BKO Quintet’s debut album Bamako Today was recorded in France some time ago and was finally released at the end of last year. It’s a remarkable album which is heavily rooted in traditional music but also contains a very strong contemporary urban feel. The band comprises four musicians from Mali plus one from France.
The French musician Aymeric Krol, who plays an unusual hybrid drum set, helped to put the band together when he went to the West African country to learn about percussion and met up with master djembe player Ibrahima Sarr. The band they created has two lead vocalists, Fassara Sacko and Nfaly Diakite, and their different singing styles complement each other very well. Diakite also plays the cumbersome-looking donsongoni which looks something like a kora but is a traditional instrument used in animist ceremonies.

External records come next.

lemma multiaffine_sublevel_insert:
  fixes K :: "'k set"
  assumes "finite K" "k \<notin> K" "lam > 0" "C1 > 0" "C2 > 0"
    and AC: "multiaffine_anticoncentration K lam C1 C2 C \<delta>" and "C > 0"
    and \<nu>: "\<forall>k. frostman_measure lam C1 C2 (\<nu> k)"
    and Pm: "P \<in> borel_measurable (PiM (insert k K) \<nu>)" and P: "multiaffine (insert k K) P"
    and corner: "\<exists>\<theta>0 \<in> PiE (insert k K) (\<lambda>_. {0, 1}). 1 \<le> \<bar>P \<theta>0\<bar>" and "0 < \<epsilon>" "\<epsilon> \<le> 1"
  defines "M \<equiv> C1 * C2 powr lam"
  shows "emeasure (PiM (insert k K) \<nu>) {\<theta> \<in> space (PiM (insert k K) \<nu>). \<bar>P \<theta>\<bar> \<le> \<epsilon>}
    \<le> ennreal (C1 * \<epsilon> powr (lam / 2) * M ^ card K + M * C * (2 * (1 + C2) * sqrt \<epsilon>) powr \<delta>)"
proof -
  interpret product_sigma_finite \<nu> using product_sigma_finite_frostman \<nu> \<open>C2 > 0\<close> by blast
  define a where "a = (1 + C2) * sqrt \<epsilon>"
  define D where "D = {x \<in> space (PiM K \<nu>).
    \<bar>P (x(k := 1)) - P (x(k := 0))\<bar> \<le> a \<and> \<bar>P (x(k := 0))\<bar> \<le> a}"
  have "a > 0" unfolding a_def using \<open>C2 > 0\<close> \<open>\<epsilon> > 0\<close> by simp
  have "space (\<nu> k) = UNIV" using \<nu> frostman_measure_space by blast
  then have "(\<lambda>x. P (x(k := c))) \<in> borel_measurable (PiM K \<nu>)" for c
    using measurable_PiM_fun_upd_comp[OF Pm] by simp
  then have Dm: "D \<in> sets (PiM K \<nu>)" unfolding D_def by measurable
  have fiber: "(\<integral>\<^sup>+y. indicator {\<theta> \<in> space (PiM (insert k K) \<nu>). \<bar>P \<theta>\<bar> \<le> \<epsilon>} (x(k := y)) \<partial>\<nu> k)
      \<le> ennreal (C1 * \<epsilon> powr (lam / 2)) + ennreal M * indicator D x"
    if "x \<in> space (PiM K \<nu>)" for x
    unfolding D_def a_def M_def
    by (rule multiaffine_fiber_sublevel[OF \<nu> \<open>C1 > 0\<close> \<open>C2 > 0\<close> \<open>lam > 0\<close> P \<open>0 < \<epsilon>\<close> \<open>\<epsilon> \<le> 1\<close> that])
  have "emeasure (PiM (insert k K) \<nu>) {\<theta> \<in> space (PiM (insert k K) \<nu>). \<bar>P \<theta>\<bar> \<le> \<epsilon>}
      \<le> ennreal (C1 * \<epsilon> powr (lam / 2)) * emeasure (PiM K \<nu>) (space (PiM K \<nu>))
        + ennreal M * emeasure (PiM K \<nu>) D"
    by (rule emeasure_PiM_insert_le[OF \<open>finite K\<close> \<open>k \<notin> K\<close> _ Dm fiber]) (use Pm in measurable)
  also have "\<dots> \<le> ennreal (C1 * \<epsilon> powr (lam / 2)) * ennreal (M ^ card K)
      + ennreal M * ennreal (C * (2 * a) powr \<delta>)"
    using emeasure_PiM_frostman_le[of lam C1 C2 \<nu> K] \<nu> assms(1,4,5)
      multiaffine_anticoncentration_coefficients[OF AC \<open>k \<notin> K\<close> \<nu> Pm P corner \<open>a > 0\<close>]
    unfolding D_def M_def by (intro add_mono mult_left_mono) auto
  also have "\<dots> = ennreal (C1 * \<epsilon> powr (lam / 2) * M ^ card K + M * C * (2 * a) powr \<delta>)"
    using \<open>C > 0\<close> assms(4,5) by (simp add: M_def ennreal_mult ennreal_plus[symmetric] mult.assoc)
  finally show ?thesis by (simp only: a_def mult.assoc)
qed

lemma multiaffine_anticoncentration_insert:
  fixes K :: "'k set"
  assumes "finite K" "k \<notin> K" and lam: "lam > 0" and C1: "C1 > 0" and C2: "C2 > 0"
    and AC: "multiaffine_anticoncentration K lam C1 C2 C \<delta>" and "C > 0" "\<delta> > 0"
  defines "M \<equiv> C1 * C2 powr lam"
  shows "multiaffine_anticoncentration (insert k K) lam C1 C2
     (M ^ Suc (card K) + C1 * M ^ card K + M * C * (2 * (1 + C2)) powr \<delta>) (min (lam / 2) (\<delta> / 2))"
    (is "multiaffine_anticoncentration _ _ _ _ ?C ?\<delta>")
  unfolding multiaffine_anticoncentration_def
proof (intro allI impI)
  fix \<nu> :: "'k \<Rightarrow> real measure" and P :: "('k \<Rightarrow> real) \<Rightarrow> real" and \<epsilon> :: real
  assume \<nu>: "\<forall>k. frostman_measure lam C1 C2 (\<nu> k)"
    and Pm: "P \<in> borel_measurable (PiM (insert k K) \<nu>)" and P: "multiaffine (insert k K) P"
    and corner: "\<exists>\<theta>0 \<in> PiE (insert k K) (\<lambda>_. {0, 1}). 1 \<le> \<bar>P \<theta>0\<bar>" and "\<epsilon> > 0"
  have "M > 0" unfolding M_def using C1 C2 by simp
  show "emeasure (PiM (insert k K) \<nu>) {\<theta> \<in> space (PiM (insert k K) \<nu>). \<bar>P \<theta>\<bar> \<le> \<epsilon>}
      \<le> ennreal (?C * \<epsilon> powr ?\<delta>)"
  proof (cases "\<epsilon> < 1")
    case False
    have "M ^ card (insert k K) \<le> ?C"
      using \<open>finite K\<close> \<open>k \<notin> K\<close> \<open>M > 0\<close> \<open>C > 0\<close> C1 by simp
    then show ?thesis
      using \<nu> C1 C2 \<open>finite K\<close> False \<open>\<delta> > 0\<close> lam unfolding M_def
      by (intro emeasure_PiM_frostman_le_powr) auto
  next
    case True
    have "\<epsilon> powr (lam / 2) \<le> \<epsilon> powr ?\<delta>" "\<epsilon> powr (\<delta> / 2) \<le> \<epsilon> powr ?\<delta>"
      using True \<open>\<epsilon> > 0\<close> by (auto intro!: powr_mono')
    moreover have "(2 * (1 + C2) * sqrt \<epsilon>) powr \<delta> = (2 * (1 + C2)) powr \<delta> * \<epsilon> powr (\<delta> / 2)"
      using \<open>\<epsilon> > 0\<close> C2 by (simp add: powr_mult powr_half_sqrt[symmetric] powr_powr)
    ultimately have "C1 * \<epsilon> powr (lam / 2) * M ^ card K \<le> C1 * M ^ card K * \<epsilon> powr ?\<delta>"
      and "M * C * (2 * (1 + C2) * sqrt \<epsilon>) powr \<delta> \<le> M * C * (2 * (1 + C2)) powr \<delta> * \<epsilon> powr ?\<delta>"
      using \<open>M > 0\<close> \<open>C > 0\<close> C1 by (simp_all add: mult_left_mono)
    moreover have "0 \<le> M ^ Suc (card K) * \<epsilon> powr ?\<delta>" using \<open>M > 0\<close> by simp
    ultimately have bound: "C1 * \<epsilon> powr (lam / 2) * M ^ card K
        + M * C * (2 * (1 + C2) * sqrt \<epsilon>) powr \<delta> \<le> ?C * \<epsilon> powr ?\<delta>"
      by (simp add: algebra_simps)
    have "emeasure (PiM (insert k K) \<nu>) {\<theta> \<in> space (PiM (insert k K) \<nu>). \<bar>P \<theta>\<bar> \<le> \<epsilon>}
        \<le> ennreal (C1 * \<epsilon> powr (lam / 2) * M ^ card K + M * C * (2 * (1 + C2) * sqrt \<epsilon>) powr \<delta>)"
      using multiaffine_sublevel_insert[OF assms(1-7) \<nu> Pm P corner \<open>\<epsilon> > 0\<close>] True
      unfolding M_def by simp
    also have "\<dots> \<le> ennreal (?C * \<epsilon> powr ?\<delta>)" using bound by (rule ennreal_leI)
    finally show ?thesis .
  qed
qed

The band’s other member Abdoulaye Kone plays djelingoni the small ‘guitar of the griots’ which is never usually played together with the donsongoni. It’s an incredibly versatile instrument, especially in Kone’s hands. The music that BKO Quintet makes on the album is pulsating for the most part but also has moments where it’s more subdued. What makes it even better is the inclusion of a DVD along with the CD which contains a 52 minute documentary film directed by Cris Ubermann.
BKO Quintet performed live last night at Naha’s Sakurazaka Theatre as part of the Sukiyaki Okinawa 2015 festival of world music. Their live show reinforced what a superb band they are and their energy and enjoyment was infectious as they urged members of the audience to get up and dance. Probably no-one in the audience understood a word of any of their songs but music transcends all borders. The band was later joined on stage by the duo Sakishima Meeting and another first was surely the improvised jam session in which Yukito Ara’s sanshin and Abdoulaye Kone’s djelingoni joined forces to duet.
Bamako Today is released by Buda Musique.